His training at Star City, outside Moscow, has tested his body to the limits. Since the start of the year he has gone through a punishing programme that has included being spun in a centrifuge to replicate the heavy gravitational forces during launch and re-entry — he is proud to say that he was not sick once — and flying in a nose-diving aircraft to achieve zero gravity.
Then there was survival training in the Black Sea, lest the Soyuz should splash down in water.
The last two Soyuz re-entries bringing crews back from the space station have gone a little awry, subjecting occupants to forces up to 9G — nine times the gravitational pull of Earth. “Even at 6 to 7G — in effect when you have six to seven times your own weight lying on top of your chest — breathing becomes a problem,” he said.

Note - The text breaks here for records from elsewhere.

lemma card_Zunion:
  fixes \<alpha> :: "'a::field"
  assumes alg_closed: "\<forall>q :: 'a poly. degree q \<noteq> 0 \<longrightarrow> (\<exists>x. poly q x = 0)"
    and two: "(2::'a) \<noteq> 0" and "\<alpha> \<noteq> 0" "1 + \<alpha> \<noteq> 0" "1 - \<alpha> \<noteq> 0"
  shows "card (Zunion \<alpha>) = 20"
proof -
  have "\<alpha>^2 \<noteq> 1" using assms(4,5) by (auto simp: power2_eq_1_iff)
  have card: "card (Z0 :: (nat \<Rightarrow> 'a) set) = 4" "card (Z1 \<alpha>) = 4" "card (Z2 \<alpha>) = 4"
    "card (Z3 :: (nat \<Rightarrow> 'a) set) = 4" "card (Z4 \<alpha>) = 4"
    using card_Z1 card_Z2 card_Z3 card_Z4 assms \<open>\<alpha>^2 \<noteq> 1\<close> by (simp_all add: Z0_def pt_eq_iff)
  then have finite: "finite (Z0 :: (nat \<Rightarrow> 'a) set)" "finite (Z1 \<alpha>)" "finite (Z2 \<alpha>)"
    "finite (Z3 :: (nat \<Rightarrow> 'a) set)" "finite (Z4 \<alpha>)"
    by (simp_all add: card_ge_0_finite)
  have "(1::'a) \<noteq> -1" using two by (metis one_add_one add_eq_0_iff2)
  note coordinates = Z_coordinates[OF two assms(3-5)]
  have "Z0 \<inter> Z1 \<alpha> = {}" "(Z0 \<union> Z1 \<alpha>) \<inter> Z2 \<alpha> = {}" "(Z0 \<union> Z1 \<alpha> \<union> Z2 \<alpha>) \<inter> Z3 = {}"
    "(Z0 \<union> Z1 \<alpha> \<union> Z2 \<alpha> \<union> Z3) \<inter> Z4 \<alpha> = {}"
    using \<open>1 \<noteq> -1\<close> by (auto dest!: coordinates)
  with card finite show ?thesis by (simp add: card_Un_disjoint)
qed

lemma Zunion_normalised:
  "p \<in> Zunion \<alpha> \<Longrightarrow> p 4 = 1 \<or> p \<in> {pt 1 0 0 0, pt 0 1 0 0, pt 0 0 1 0}"
  unfolding Z0_def Z1_def Z2_def Z3_def Z4_def by auto

lemma inj_on_proj_Zunion: "inj_on proj (Zunion \<alpha>)"
proof (rule inj_onI)
  fix p q assume p: "p \<in> Zunion \<alpha>" and q: "q \<in> Zunion \<alpha>" and "proj p = proj q"
  have "p \<in> proj p" unfolding proj_def by (rule CollectI, rule exI[of _ 1]) simp
  then have "p \<in> proj q" using \<open>proj p = proj q\<close> by simp
  then obtain c where "c \<noteq> 0" and pc: "p = (\<lambda>i. c * q i)" unfolding proj_def by blast
  then have pc_at: "p k = c * q k" for k by simp
  show "p = q"
  proof (cases "q 4 = 1")
    case True
    then have "p 4 = c" using pc_at[of 4] by simp
    with \<open>c \<noteq> 0\<close> Zunion_normalised[OF p] have "c = 1" by auto
    then show ?thesis using pc by simp
  next
    case False
    with Zunion_normalised[OF q] have "q \<in> {pt 1 0 0 0, pt 0 1 0 0, pt 0 0 1 0}" by blast
    moreover from this have "p 4 = 0" using pc_at[of 4] by auto
    then have "p \<in> {pt 1 0 0 0, pt 0 1 0 0, pt 0 0 1 0}" using Zunion_normalised[OF p] by auto
    ultimately show ?thesis using pc_at[of 1] pc_at[of 2] pc_at[of 3] by auto
  qed
qed
(* Let $M$ be a finite-horizon reward-free MDP, $\Pi\subseteq\Pi_{\mathrm{RNS}}$ and $h\in[H]$. For all $\varepsilon>0$, $$\mathsf{Cov}^M_{h,\varepsilon}\le 1+2\sqrt{\frac{C^M_{1;h}}{\varepsilon}}.$$
   Context: Episodic reward-free MDP $M$ (countable $\mathcal{X}$, actions $\mathcal{A}$, horizon $H$); $\Pi_{\mathrm{RNS}}$ randomized non-stationary policies; $d^{M,\pi}_h(x,a)$ is the layer-$h$ state-action occupancy and $d^{M,p}_h=\mathbb{E}_{\pi\sim p}d^{M,\pi}_h$. Definitions: $\Psi^M_{h,\varepsilon}(p)=\sup_{\pi\in\Pi}\mathbb{E}^{M,\pi}\big[\frac{d^{M,\pi}_h(x_h,a_h)}{d^{M,p}_h(x_h,a_h)+\varepsilon d^{M,\pi}_h(x_h,a_h)}\big]$, $\mathsf{Cov}^M_{h,\varepsilon}=\inf_{p\in\Delta(\Pi)}\Psi^M_{h,\varepsilon}(p)$, and $C^M_{1;h}=\inf_{\mu\in\Delta(\mathcal{X}\times\mathcal{A})}\sup_{\pi\in\Pi}\mathbb{E}^{M,\pi}\big[\frac{d^{M,\pi}_h(x_h,a_h)}{\mu(x_h,a_h)}\big]$. *)

theory Defs
  imports "HOL-Probability.Probability"
begin

text \<open>Episodic reward-free MDP: initial state distribution (layer 1) and
  layer-dependent transition kernels P_h(. | x, a).  The horizon H is kept
  as a separate natural number.\<close>
record ('x, 'a) mdp =
  init  :: "'x pmf"
  trans :: "nat \<Rightarrow> 'x \<Rightarrow> 'a \<Rightarrow> 'x pmf"

text \<open>Randomized non-stationary policy pi = (pi_1, ..., pi_H), pi_h : X -> Delta(A).
  Pi_RNS is the set of all such policies (the whole type).\<close>
type_synonym ('x, 'a) policy = "nat \<Rightarrow> 'x \<Rightarrow> 'a pmf"

text \<open>Distribution of the state x_{n+1} at layer n+1 (0-based helper).\<close>
primrec state_dist0 :: "('x, 'a) mdp \<Rightarrow> ('x, 'a) policy \<Rightarrow> nat \<Rightarrow> 'x pmf" where
  "state_dist0 M \<pi> 0 = init M"
| "state_dist0 M \<pi> (Suc n) =
     bind_pmf (state_dist0 M \<pi> n)
       (\<lambda>x. bind_pmf (\<pi> (Suc n) x) (\<lambda>a. trans M (Suc n) x a))"

text \<open>Law of (x_h, a_h) under M and pi, for layers h >= 1.\<close>
definition sa_dist :: "('x, 'a) mdp \<Rightarrow> ('x, 'a) policy \<Rightarrow> nat \<Rightarrow> ('x \<times> 'a) pmf" where
  "sa_dist M \<pi> h = bind_pmf (state_dist0 M \<pi> (h - 1)) (\<lambda>x. map_pmf (Pair x) (\<pi> h x))"

definition occ :: "('x, 'a) mdp \<Rightarrow> ('x, 'a) policy \<Rightarrow> nat \<Rightarrow> 'x \<times> 'a \<Rightarrow> real" where
  "occ M \<pi> h z = pmf (sa_dist M \<pi> h) z"

definition mix_occ :: "('x, 'a) mdp \<Rightarrow> ('x, 'a) policy pmf \<Rightarrow> nat \<Rightarrow> 'x \<times> 'a \<Rightarrow> ennreal" where
  "mix_occ M p h z = (\<integral>\<^sup>+ \<pi>. ennreal (occ M \<pi> h z) \<partial>measure_pmf p)"

definition Psi :: "('x, 'a) mdp \<Rightarrow> ('x, 'a) policy set \<Rightarrow> nat \<Rightarrow> real \<Rightarrow> ('x, 'a) policy pmf \<Rightarrow> ennreal" where
  "Psi M Pol h \<epsilon> p = (SUP \<pi>\<in>Pol. \<integral>\<^sup>+ z. ennreal (occ M \<pi> h z)
        / (mix_occ M p h z + ennreal \<epsilon> * ennreal (occ M \<pi> h z)) \<partial>measure_pmf (sa_dist M \<pi> h))"

definition Cov :: "('x, 'a) mdp \<Rightarrow> ('x, 'a) policy set \<Rightarrow> nat \<Rightarrow> real \<Rightarrow> ennreal" where
  "Cov M Pol h \<epsilon> = (INF p\<in>{p. set_pmf p \<subseteq> Pol}. Psi M Pol h \<epsilon> p)"

definition C1 :: "('x, 'a) mdp \<Rightarrow> ('x, 'a) policy set \<Rightarrow> nat \<Rightarrow> ennreal" where
  "C1 M Pol h = (INF \<mu>\<in>(UNIV :: ('x \<times> 'a) pmf set). SUP \<pi>\<in>Pol.
        \<integral>\<^sup>+ z. ennreal (occ M \<pi> h z) / ennreal (pmf \<mu> z) \<partial>measure_pmf (sa_dist M \<pi> h))"

definition esqrt :: "ennreal \<Rightarrow> ennreal" where
  "esqrt x = (if x = \<top> then \<top> else ennreal (sqrt (enn2real x)))"

end

theory Submission
  imports Defs
begin

(* Fix \<mu> nearly optimal in the definition of C_{1;h} and a cap g > 0, and consider the
   potential Phi(p) = sum_z min (d^p(z)) (g \<mu>(z)) <= g on mixtures p of policies in Pi; let p
   maximise Phi up to \<eta>.  Mixing weight t of any \<pi> in Pi into p raises Phi by at least
   t d^\<pi>(A) - t g/(1 - t), where A is the set on which d^p + t d^\<pi> stays below the cap; hence
   d^\<pi>(A) <= \<eta>/t + g/(1 - t).  On A the ratio d^\<pi>/(d^p + \<epsilon> d^\<pi>) is at most 1/\<epsilon>, and off A
   (using t <= \<epsilon>) it is at most d^\<pi>/(g \<mu>), whose d^\<pi>-expectation is about C_{1;h}/g.  So
   Psi(p) is roughly g/\<epsilon> + C_{1;h}/g, and g = \<epsilon> (sqrt (C_{1;h}/\<epsilon>) + 1/4) balances the two
   terms.  Neither the layer range nor the horizon plays a role. *)

lemma min_plus_indicator_le_min_mixture:
  fixes a b c t :: real
  assumes "a \<ge> 0" "b \<ge> 0" "c \<ge> 0" "0 < t" "t < 1"
  shows "min a c + (if a + t * b \<le> c then t * b else 0)
     \<le> min (t * b + (1 - t) * a) c + t / (1 - t) * c"
proof -
  have tc: "t * c \<le> t / (1 - t) * c"
    using assms by (intro mult_right_mono) (auto simp: field_simps)
  have "(1 - t) * min a c \<le> (1 - t) * a" "t * min a c \<le> t * c"
    using assms by (intro mult_left_mono; simp)+
  then have convex: "min a c \<le> (1 - t) * a + t * c"
    by (simp add: algebra_simps)
  have tb: "t * b \<ge> 0" using assms by simp
  show ?thesis
  proof (cases "a + t * b \<le> c")
    case True
    have "a \<le> c" using True tb by linarith
    then have ta: "0 \<le> t * a" "t * a \<le> t * c"
      using assms by simp_all
    then have "t * b + (1 - t) * a \<le> c"
      using True by (simp add: algebra_simps)
    then show ?thesis using True ta tc by (simp add: algebra_simps)
  next
    case False
    have "0 \<le> t * c" using assms by simp
    then have "min a c \<le> min (t * b + (1 - t) * a + t / (1 - t) * c) (c + t / (1 - t) * c)"
      using tb tc convex by simp
    then show ?thesis using False by (auto simp: min_def)
  qed
qed

definition clipped_mass :: "'z pmf \<Rightarrow> real \<Rightarrow> ('z \<Rightarrow> real) \<Rightarrow> ennreal" where
  "clipped_mass \<mu> g f = (\<integral>\<^sup>+ z. ennreal (min (f z) (g * pmf \<mu> z)) \<partial>count_space UNIV)"

lemma nn_integral_scaled_pmf:
  "0 \<le> c \<Longrightarrow> (\<integral>\<^sup>+ z. ennreal (c * pmf \<mu> z) \<partial>count_space UNIV) = ennreal c"
  by (simp add: ennreal_mult'' nn_integral_cmult nn_integral_pmf)

lemma clipped_mass_le:
  assumes "0 \<le> g"
  shows "clipped_mass \<mu> g f \<le> ennreal g"
proof -
  have "clipped_mass \<mu> g f \<le> (\<integral>\<^sup>+ z. ennreal (g * pmf \<mu> z) \<partial>count_space UNIV)"
    unfolding clipped_mass_def by (intro nn_integral_mono ennreal_leI min.cobounded2)
  then show ?thesis using assms by (simp add: nn_integral_scaled_pmf)
qed

lemma clipped_mass_mixture_ge:
  fixes a :: "'z \<Rightarrow> real" and \<mu> \<nu> :: "'z pmf"
  assumes a: "\<And>z. 0 \<le> a z" and g: "0 < g" and t: "0 < t" "t < 1"
  shows "clipped_mass \<mu> g a + ennreal t * emeasure \<nu> {z. a z + t * pmf \<nu> z \<le> g * pmf \<mu> z}
    \<le> clipped_mass \<mu> g (\<lambda>z. t * pmf \<nu> z + (1 - t) * a z) + ennreal (t / (1 - t) * g)"
proof -
  define A where "A = {z. a z + t * pmf \<nu> z \<le> g * pmf \<mu> z}"
  define \<kappa> where "\<kappa> = t / (1 - t) * g"
  have \<kappa>: "0 \<le> \<kappa>" using g t by (simp add: \<kappa>_def)
  have pointwise: "ennreal (min (a z) (g * pmf \<mu> z)) + ennreal t * (ennreal (pmf \<nu> z) * indicator A z)
      \<le> ennreal (min (t * pmf \<nu> z + (1 - t) * a z) (g * pmf \<mu> z)) + ennreal (\<kappa> * pmf \<mu> z)"
    for z
  proof -
    have "min (a z) (g * pmf \<mu> z) + (if z \<in> A then t * pmf \<nu> z else 0)
        \<le> min (t * pmf \<nu> z + (1 - t) * a z) (g * pmf \<mu> z) + t / (1 - t) * (g * pmf \<mu> z)"
      unfolding A_def mem_Collect_eq using a g t by (intro min_plus_indicator_le_min_mixture) simp_all
    then show ?thesis
      using a g t unfolding \<kappa>_def
      by (cases "z \<in> A") (simp_all add: ennreal_plus[symmetric] ennreal_mult''[symmetric] del: ennreal_plus)
  qed
  have "clipped_mass \<mu> g a + ennreal t * emeasure \<nu> A
      = (\<integral>\<^sup>+ z. ennreal (min (a z) (g * pmf \<mu> z)) + ennreal t * (ennreal (pmf \<nu> z) * indicator A z)
          \<partial>count_space UNIV)"
    by (simp add: clipped_mass_def nn_integral_add nn_integral_cmult nn_integral_measure_pmf[symmetric])
  also have "\<dots> \<le> (\<integral>\<^sup>+ z. ennreal (min (t * pmf \<nu> z + (1 - t) * a z) (g * pmf \<mu> z))
          + ennreal (\<kappa> * pmf \<mu> z) \<partial>count_space UNIV)"
    by (intro nn_integral_mono pointwise)
  also have "\<dots> = clipped_mass \<mu> g (\<lambda>z. t * pmf \<nu> z + (1 - t) * a z) + ennreal \<kappa>"
    using \<kappa> by (simp add: clipped_mass_def nn_integral_add nn_integral_scaled_pmf)
  finally show ?thesis unfolding A_def \<kappa>_def .
qed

Since the day an optometrist shattered his boyhood dream with the words, “I'm sorry, but you'll never be a Nasa astronaut”, his life has been dedicated to solving the problem.
“As a kid it was like I was in a club, that everyone wanted to go to space. I just assumed it was normal,” he said. “Then all of a sudden it was like, by the way Richard, you're never going to be in that club. Yeah? Well, look at me now.”